#### Work request
Which of the lines in the listing that follows hold "kappa"? Pull each one out.

#### Data
Start of Block
lemma tab_belt_rows:
  assumes rs: "row_strict lam t" and res: "res_seq kappa lam n t = res_seq kappa lam n g"
  shows "\<forall>l \<in> {1..c}. t (r + 1, l) = g (r + 1, l)"
    and "\<forall>j \<in> {c..N}. t (r, j) = g (r, j)"
proof -
  define Y where "Y = (\<lambda>l. t (r + 1, l) - belt_start)"
  define X where "X = (\<lambda>j. t (r, j) - belt_start)"
  have c_lower: "c \<in> {1..c}" and c_upper: "c \<in> {c..N}" and N_upper: "N \<in> {c..N}"
    using garnir_bounds by auto
  have bounds: "Y c \<le> N" "X N \<le> N"
    using tab_belt_bounds[OF next_row_mem_belt[OF c_lower]]
      tab_belt_bounds[OF row_mem_belt[OF N_upper]]
    unfolding X_def Y_def by linarith+
  have disjoint: "Y l \<noteq> X j" if "l \<in> {1..c}" "j \<in> {c..N}" for l j
  proof
    assume "Y l = X j"
    with tab_belt_bounds[OF next_row_mem_belt[OF that(1)]]
      tab_belt_bounds[OF row_mem_belt[OF that(2)]]
    have "t (r + 1, l) = t (r, j)"
      unfolding X_def Y_def by linarith
    then have "(r + 1, l) = (r, j)"
      using next_row_mem_belt[OF that(1)] row_mem_belt[OF that(2)]
      by (intro inj_onD[OF inj_on_tab]) (simp_all add: belt_def)
    then show False
      by simp
  qed
  have res_lower: "\<bar>(kappa - int r) + int c - 1\<bar> = \<bar>(kappa - int r) + int (Y c)\<bar>"
    using node_res_belt[OF res next_row_mem_belt[OF c_lower]] garnir_bounds
    by (simp add: node_res_def Y_def eq_nat_nat_iff algebra_simps)
  have res_upper: "\<bar>(kappa - int r) + int c\<bar> = \<bar>(kappa - int r) + int (X c)\<bar>"
    using node_res_belt[OF res row_mem_belt[OF c_upper]]
    by (simp add: node_res_def X_def eq_nat_nat_iff algebra_simps)
  have Y_eq: "\<forall>l \<in> {1..c}. Y l = l - 1" and X_eq: "\<forall>j \<in> {c..N}. X j = j"
    using two_rows_rigid[OF garnir_bounds(3,4)
        strict_mono_on_belt_row[OF rs next_row_mem_belt, folded Y_def]
        strict_mono_on_belt_row[OF rs row_mem_belt, folded X_def]
        bounds disjoint res_lower res_upper]
    by blast+
  show "\<forall>l \<in> {1..c}. t (r + 1, l) = g (r + 1, l)"
  proof
    fix l assume l: "l \<in> {1..c}"
    then show "t (r + 1, l) = g (r + 1, l)"
      using bspec[OF Y_eq l] tab_belt_bounds(1)[OF next_row_mem_belt[OF l]]
        garnir_tab_next_row[of l]
      by (auto simp: Y_def)
  qed
  show "\<forall>j \<in> {c..N}. t (r, j) = g (r, j)"
  proof
    fix j assume j: "j \<in> {c..N}"
    then show "t (r, j) = g (r, j)"
      using bspec[OF X_eq j] tab_belt_bounds(1)[OF row_mem_belt[OF j]] garnir_tab_row[of j]
      by (auto simp: X_def)
  qed
qed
End of Block
#### Task answer
  assumes rs: "row_strict lam t" and res: "res_seq kappa lam n t = res_seq kappa lam n g"
  have res_lower: "\<bar>(kappa - int r) + int c - 1\<bar> = \<bar>(kappa - int r) + int (Y c)\<bar>"
  have res_upper: "\<bar>(kappa - int r) + int c\<bar> = \<bar>(kappa - int r) + int (X c)\<bar>"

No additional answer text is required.